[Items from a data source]

section \<open>Matrices and the operator norm\<close>

lemma mv_cong: "(\<And>j. j < c \<Longrightarrow> u j = v j) \<Longrightarrow> mv c A u = mv c A v"
  unfolding mv_def by auto

lemma mv_diff: "mv c A (u - v) = mv c A u - mv c A v"
  unfolding mv_def by (auto simp: sum_subtractf algebra_simps)

lemma mv_add: "mv c A (\<lambda>j. u j + v j) = (\<lambda>i. mv c A u i + mv c A v i)"
  unfolding mv_def by (auto simp: sum.distrib algebra_simps)

lemma mv_sum: "mv c A (\<lambda>j. \<Sum>t\<in>T. u t j) = (\<lambda>i. \<Sum>t\<in>T. mv c A (u t) i)"
  unfolding mv_def by (auto simp: sum_distrib_left intro: sum.swap)

lemma mv_scale: "mv c A (\<lambda>j. t * v j) = (\<lambda>i. t * mv c A v i)"
  unfolding mv_def by (auto simp: sum_distrib_left algebra_simps)

lemma mv_scale_rows: "mv c (\<lambda>i j. s i * A i j) v = (\<lambda>i. s i * mv c A v i)"
  unfolding mv_def by (auto simp: sum_distrib_left algebra_simps)

lemma mv_zero: "(\<And>j. j < c \<Longrightarrow> v j = 0) \<Longrightarrow> mv c A v = (\<lambda>i. 0)"
  unfolding mv_def by auto

lemma mv_mv: "mv k A (mv c B v) = mv c (mm k A B) v"
  unfolding mv_def mm_def
  by (auto simp: sum_distrib_left sum_distrib_right mult.assoc intro: sum.swap)

lemma mv_idm: "i < c \<Longrightarrow> mv c idm v i = v i"
  unfolding mv_def idm_def by (simp add: if_distrib[of "\<lambda>a. a * _"] cong: if_cong)

lemma bdd_above_opnorm_set:
  assumes "1 \<le> p"
  shows "bdd_above {lpnorm p r (mv c A x) | x. lpnorm p c x \<le> 1}"
proof (rule bdd_aboveI)
  fix y assume "y \<in> {lpnorm p r (mv c A x) | x. lpnorm p c x \<le> 1}"
  then obtain x where y: "y = lpnorm p r (mv c A x)" and x: "lpnorm p c x \<le> 1"
    by auto
  have "\<bar>mv c A x i\<bar> \<le> \<bar>\<Sum>j<c. \<bar>A i j\<bar>\<bar>" for i
  proof -
    have "\<bar>mv c A x i\<bar> \<le> (\<Sum>j<c. \<bar>A i j\<bar> * \<bar>x j\<bar>)"
      unfolding mv_def by (rule order_trans[OF sum_abs]) (simp add: abs_mult)
    also have "\<dots> \<le> (\<Sum>j<c. \<bar>A i j\<bar>)"
      using abs_le_lpnorm[OF assms, of _ c x] x by (intro sum_mono mult_left_le) fastforce+
    finally show ?thesis
      by simp
  qed
  then show "y \<le> lpnorm p r (\<lambda>i. \<Sum>j<c. \<bar>A i j\<bar>)"
    unfolding y using assms by (intro lpnorm_mono)
qed

lemma opnorm_nonneg:
  assumes "1 \<le> p"
  shows "0 \<le> opnorm p r c A"
proof -
  have "0 \<in> {lpnorm p r (mv c A x) | x. lpnorm p c x \<le> 1}"
    by (auto intro!: exI[of _ "\<lambda>i. 0"] simp: lpnorm_zero mv_zero)
  then show ?thesis
    unfolding opnorm_def by (rule cSup_upper2[OF _ order_refl bdd_above_opnorm_set[OF assms]])
qed

lemma lpnorm_mv_le_opnorm:
  assumes "1 \<le> p"
  shows "lpnorm p r (mv c A x) \<le> opnorm p r c A * lpnorm p c x"
proof (cases "lpnorm p c x = 0")
  case True
  then have "mv c A x = (\<lambda>i. 0)"
    using lpnorm_eq_0_imp[OF assms] by (intro mv_zero)
  then show ?thesis
    using True by (simp add: lpnorm_zero)
next
  case False
  define N where "N = lpnorm p c x"
  have N: "0 < N"
    using False lpnorm_nonneg[of p c x] by (simp add: N_def)
  then have "lpnorm p c (\<lambda>j. (1 / N) * x j) = 1"
    using lpnorm_scale[OF assms, of c "1 / N" x] by (simp add: N_def)
  then have "lpnorm p r (mv c A (\<lambda>j. (1 / N) * x j)) \<le> opnorm p r c A"
    unfolding opnorm_def by (intro cSup_upper bdd_above_opnorm_set assms) auto
  then have "lpnorm p r (mv c A x) / N \<le> opnorm p r c A"
    using N lpnorm_scale[OF assms, of r "1 / N" "mv c A x"] unfolding mv_scale by simp
  then show ?thesis
    using N by (simp add: N_def divide_le_eq mult.commute)
qed

section \<open>Unrolling the layer recursion\<close>

definition layer_residual ::
  "(nat \<Rightarrow> nat) \<Rightarrow> (nat \<Rightarrow> nat \<Rightarrow> nat \<Rightarrow> real) \<Rightarrow> (nat \<Rightarrow> nat \<Rightarrow> real)
     \<Rightarrow> (nat \<Rightarrow> nat \<Rightarrow> real) \<Rightarrow> nat \<Rightarrow> nat \<Rightarrow> real" where
  "layer_residual n W d v j = (\<lambda>i. v j i - d j i * mv (n (j - 1)) (W j) (v (j - 1)) i)"

lemma mv_prodDW_Suc:
  assumes "1 \<le> a" "a \<le> Suc k"
  shows "mv (n (a - 1)) (prodDW n W d a (Suc k)) w
    = (\<lambda>i. d (Suc k) i * mv (n k) (W (Suc k)) (mv (n (a - 1)) (prodDW n W d a k) w) i)"
proof (cases "a = Suc k")
  case True
  have "prodDW n W d a k = idm"
    using True by (cases k) auto
  then have "mv (n k) (W (Suc k)) (mv (n (a - 1)) (prodDW n W d a k) w) = mv (n k) (W (Suc k)) w"
    using True by (auto intro: mv_cong simp: mv_idm)
  then show ?thesis
    using True by (simp add: mv_scale_rows)
next
  case False
  then show ?thesis
    using assms by (simp add: mv_mv [symmetric] mv_scale_rows)
qed

lemma prodDW_unroll:
  "i < n k \<Longrightarrow> v k i = mv (n 0) (prodDW n W d 1 k) (v 0) i
     + (\<Sum>j = 1..k. mv (n j) (prodDW n W d (j + 1) k) (layer_residual n W d v j) i)"
proof (induction k arbitrary: i)
  case 0
  then show ?case
    by (simp add: mv_idm)
next
  case (Suc k)
  let ?e = "layer_residual n W d v"
  have "mv (n k) (W (Suc k)) (v k)
      = mv (n k) (W (Suc k)) (\<lambda>t. mv (n 0) (prodDW n W d 1 k) (v 0) t
          + (\<Sum>j = 1..k. mv (n j) (prodDW n W d (j + 1) k) (?e j) t))"
    using Suc.IH by (rule mv_cong)
  also have "\<dots> = (\<lambda>i. mv (n k) (W (Suc k)) (mv (n 0) (prodDW n W d 1 k) (v 0)) i
      + (\<Sum>j = 1..k. mv (n k) (W (Suc k)) (mv (n j) (prodDW n W d (j + 1) k) (?e j)) i))"
    by (simp add: mv_add mv_sum)
  finally have "d (Suc k) i * mv (n k) (W (Suc k)) (v k) i
      = d (Suc k) i * mv (n k) (W (Suc k)) (mv (n 0) (prodDW n W d 1 k) (v 0)) i
        + (\<Sum>j = 1..k. d (Suc k) i * mv (n k) (W (Suc k)) (mv (n j) (prodDW n W d (j + 1) k) (?e j)) i)"
    by (simp add: distrib_left sum_distrib_left del: prodDW.simps)
  also have "\<dots> = mv (n 0) (prodDW n W d 1 (Suc k)) (v 0) i
        + (\<Sum>j = 1..k. mv (n j) (prodDW n W d (j + 1) (Suc k)) (?e j) i)"
    using mv_prodDW_Suc[of 1 k] mv_prodDW_Suc[of "_ + 1" k] by (auto intro!: sum.cong simp del: prodDW.simps)
  moreover have "?e (Suc k) i = mv (n (Suc k)) (prodDW n W d (Suc k + 1) (Suc k)) (?e (Suc k)) i"
    using Suc.prems by (simp add: mv_idm)
  ultimately show ?case
    by (simp add: layer_residual_def)
qed

lemma lpnorm_mv_unrolled_le:
  assumes "1 \<le> p"
  shows "lpnorm p r (mv (n k) M (v k))
    \<le> opnorm p r (n 0) (mm (n k) M (prodDW n W d 1 k)) * lpnorm p (n 0) (v 0)
      + (\<Sum>j = 1..k. opnorm p r (n j) (mm (n k) M (prodDW n W d (j + 1) k))
                      * lpnorm p (n j) (layer_residual n W d v j))"
proof -
  let ?A = "\<lambda>j. mm (n k) M (prodDW n W d (j + 1) k)" and ?e = "layer_residual n W d v"
  have "mv (n k) M (v k) = mv (n k) M (\<lambda>t. mv (n 0) (prodDW n W d 1 k) (v 0) t
      + (\<Sum>j = 1..k. mv (n j) (prodDW n W d (j + 1) k) (?e j) t))"
    using prodDW_unroll by (rule mv_cong)
  also have "\<dots> = (\<lambda>i. mv (n 0) (?A 0) (v 0) i + (\<Sum>j = 1..k. mv (n j) (?A j) (?e j) i))"
    by (simp add: mv_add mv_sum mv_mv del: prodDW.simps)
  finally have "lpnorm p r (mv (n k) M (v k))
      \<le> lpnorm p r (mv (n 0) (?A 0) (v 0)) + lpnorm p r (\<lambda>i. \<Sum>j = 1..k. mv (n j) (?A j) (?e j) i)"
    using lpnorm_triangle[OF assms] by simp
  also have "\<dots> \<le> lpnorm p r (mv (n 0) (?A 0) (v 0)) + (\<Sum>j = 1..k. lpnorm p r (mv (n j) (?A j) (?e j)))"
    by (intro add_left_mono lpnorm_sum[OF assms]) simp
  also have "\<dots> \<le> opnorm p r (n 0) (?A 0) * lpnorm p (n 0) (v 0)
      + (\<Sum>j = 1..k. opnorm p r (n j) (?A j) * lpnorm p (n j) (?e j))"
    by (intro add_mono sum_mono lpnorm_mv_le_opnorm assms)
  finally show ?thesis
    by simp
qed

lemma lipschitz_bound_propagation:
  assumes p: "1 \<le> p"
    and residual: "\<And>j i. j \<in> {1..L - 1} \<Longrightarrow> i < n j \<Longrightarrow>
      \<bar>layer_residual n W d v j i\<bar> \<le> \<bar>s j i * mv (n (j - 1)) (W j) (v (j - 1)) i\<bar>"
    and m1: "m 1 = opnorm p (n 1) (n 0) (\<lambda>r c. s 1 r * W 1 r c)"
    and mrec: "\<And>l. l \<in> {2..L} \<Longrightarrow>
      m l = opnorm p (n l) (n 0) (mm (n (l - 1)) (\<lambda>r c. s l r * W l r c) (prodDW n W d 1 (l - 1)))
        + (\<Sum>j = 1..l - 1. opnorm p (n l) (n j)
            (mm (n (l - 1)) (\<lambda>r c. s l r * W l r c) (prodDW n W d (j + 1) (l - 1))) * m j)"
    and l: "l \<in> {1..L}"
  shows "lpnorm p (n l) (\<lambda>i. s l i * mv (n (l - 1)) (W l) (v (l - 1)) i)
    \<le> m l * lpnorm p (n 0) (v 0)"
  using l
proof (induction l rule: less_induct)
  case (less l)
  let ?sW = "\<lambda>r c. s l r * W l r c" and ?e = "layer_residual n W d v" and ?X = "lpnorm p (n 0) (v 0)"
  have lhs: "(\<lambda>i. s l i * mv (n (l - 1)) (W l) (v (l - 1)) i) = mv (n (l - 1)) ?sW (v (l - 1))"
    by (simp add: mv_scale_rows)
  consider "l = 1" | "l \<in> {2..L}"
    using less.prems by force
  then show ?case
  proof cases
    case 1
    then show ?thesis
      unfolding lhs using lpnorm_mv_le_opnorm[OF p] m1 by simp
  next
    case 2
    have residual_le: "lpnorm p (n j) (?e j) \<le> m j * ?X" if "j \<in> {1..l - 1}" for j
    proof -
      have "lpnorm p (n j) (?e j) \<le> lpnorm p (n j) (\<lambda>i. s j i * mv (n (j - 1)) (W j) (v (j - 1)) i)"
        using that 2 by (intro lpnorm_mono[OF p] residual) auto
      also have "\<dots> \<le> m j * ?X"
        using that 2 by (intro less.IH) auto
      finally show ?thesis .
    qed
    have "lpnorm p (n l) (mv (n (l - 1)) ?sW (v (l - 1)))
        \<le> opnorm p (n l) (n 0) (mm (n (l - 1)) ?sW (prodDW n W d 1 (l - 1))) * ?X
          + (\<Sum>j = 1..l - 1. opnorm p (n l) (n j) (mm (n (l - 1)) ?sW (prodDW n W d (j + 1) (l - 1)))
                              * lpnorm p (n j) (?e j))"
      by (rule lpnorm_mv_unrolled_le[OF p])
    also have "\<dots> \<le> opnorm p (n l) (n 0) (mm (n (l - 1)) ?sW (prodDW n W d 1 (l - 1))) * ?X
          + (\<Sum>j = 1..l - 1. opnorm p (n l) (n j) (mm (n (l - 1)) ?sW (prodDW n W d (j + 1) (l - 1)))
                              * (m j * ?X))"
      by (intro add_left_mono sum_mono mult_left_mono residual_le opnorm_nonneg p)
    also have "\<dots> = m l * ?X"
      unfolding mrec[OF 2] distrib_right sum_distrib_right by (simp add: mult.assoc)
    finally show ?thesis
      unfolding lhs .
  qed
qed

section \<open>Slope-restricted layers\<close>

lemma slope_restricted_linearization_error:
  assumes "slope_restricted f a b" "c \<le> (a + b) / 2"
  shows "\<bar>f u - f v - c * (u - v)\<bar> \<le> (b - c) * \<bar>u - v\<bar>"
proof (cases "u = v")
  case False
  define k where "k = (f u - f v) / (u - v)"
  have "f u - f v = k * (u - v)"
    using False by (simp add: k_def)
  then have linearization: "f u - f v - c * (u - v) = (k - c) * (u - v)"
    by (simp add: left_diff_distrib)
  have "a \<le> k" "k \<le> b"
    using assms(1) False by (auto simp: slope_restricted_def k_def)
  then have "\<bar>k - c\<bar> \<le> b - c"
    using assms(2) by auto
  then show ?thesis
    unfolding linearization by (simp add: abs_mult mult_right_mono)
qed simp

lemma act_eq_sig_preact: "0 < l \<Longrightarrow> act n W sig l x = (\<lambda>i. sig l i (preact n W sig l x i))"
  by (cases l) (simp_all add: preact_def)

lemma mv_act_diff:
  "mv (n (l - 1)) (W l) (act n W sig (l - 1) x - act n W sig (l - 1) x') i
    = preact n W sig l x i - preact n W sig l x' i"
  by (simp add: preact_def mv_diff)
lemma facet_of_convex_hull_level_set:
  fixes P :: "'a::euclidean_space set"
  assumes "aff_dim (convex hull P) = DIM('a)" and feasible: "\<forall>p\<in>P. p \<bullet> \<theta> \<le> 1"
    and spanning: "span {p\<in>P. p \<bullet> \<theta> = 1} = UNIV"
  shows "{x \<in> convex hull P. \<theta> \<bullet> x = 1} facet_of convex hull P"
proof -
  let ?F = "{x \<in> convex hull P. \<theta> \<bullet> x = 1}"
  have "\<theta> \<in> dual_set (convex hull P)"
    using feasible by (simp add: dual_set_convex_hull)
  then have "\<forall>x\<in>convex hull P. \<theta> \<bullet> x \<le> 1"
    by (simp add: dual_set_def inner_commute)
  then have "convex hull P \<inter> {x. \<theta> \<bullet> x = 1} face_of convex hull P"
    by (intro face_of_Int_supporting_hyperplane_le) auto
  moreover have "convex hull P \<inter> {x. \<theta> \<bullet> x = 1} = ?F"
    by auto
  ultimately have "?F face_of convex hull P"
    by simp
  moreover have "{p\<in>P. p \<bullet> \<theta> = 1} \<subseteq> ?F"
    by (auto simp: hull_inc inner_commute)
  then have "span ?F = UNIV"
    using span_mono spanning by (metis top.extremum_unique)
  then have "aff_dim ?F = int DIM('a) - 1"
    by (subst span_eq_UNIV_iff_aff_dim[symmetric]) auto
  moreover from this have "?F \<noteq> {}"
    using DIM_positive[where 'a='a] by (intro notI) simp
  ultimately show ?thesis
    using assms(1) by (auto simp: facet_of_def)
qed
theorem theorem2p1:
  fixes \<alpha> :: "'a::field" and d :: nat
  assumes "d \<ge> 2"
  shows "\<exists>H :: 'a mpoly. H \<noteq> 0 \<and> mpoly_in_vars d H \<and>
           (\<forall>a\<in>calP d \<alpha>. mpoly_eval H a = 0)"
proof -
  define N where "N = d * (2 * d + 1) ^ (d - 1)"
  have "card {1..<d} * (d * 2 * N + 1) ^ (d - 1) < (N + 1) ^ d"
    using monomial_count_exceeds_dimension[of d] assms by (simp add: N_def)
  then obtain H :: "'a mpoly" where H: "H \<noteq> 0" "mpoly_in_vars d H"
    and vanish: "\<forall>m\<in>{1..<d}. \<forall>p. mpoly_eval H (product_coeff \<alpha> d m p) = 0"
    using exists_mpoly_vanishing_on_images[of "{1..<d}" d "product_coeff \<alpha> d" "d - 1" 2 N]
      product_coeff_in_poly_funs by blast
  have "mpoly_eval H a = 0" if a: "a \<in> calP d \<alpha>" for a
  proof -
    obtain m p where "m \<in> {1..<d}" "\<forall>k<d. a k = product_coeff \<alpha> d m p k"
      using calP_imp_product_coeff[OF a] by blast
    then show ?thesis
      using vanish mpoly_eval_cong[OF H(2)] by metis
  qed
  with H show ?thesis by blast
qed

end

__Task directions__. Check every line of the data and give the number of them that hold the string "real", with no other words.

__Result of this exercise__. 2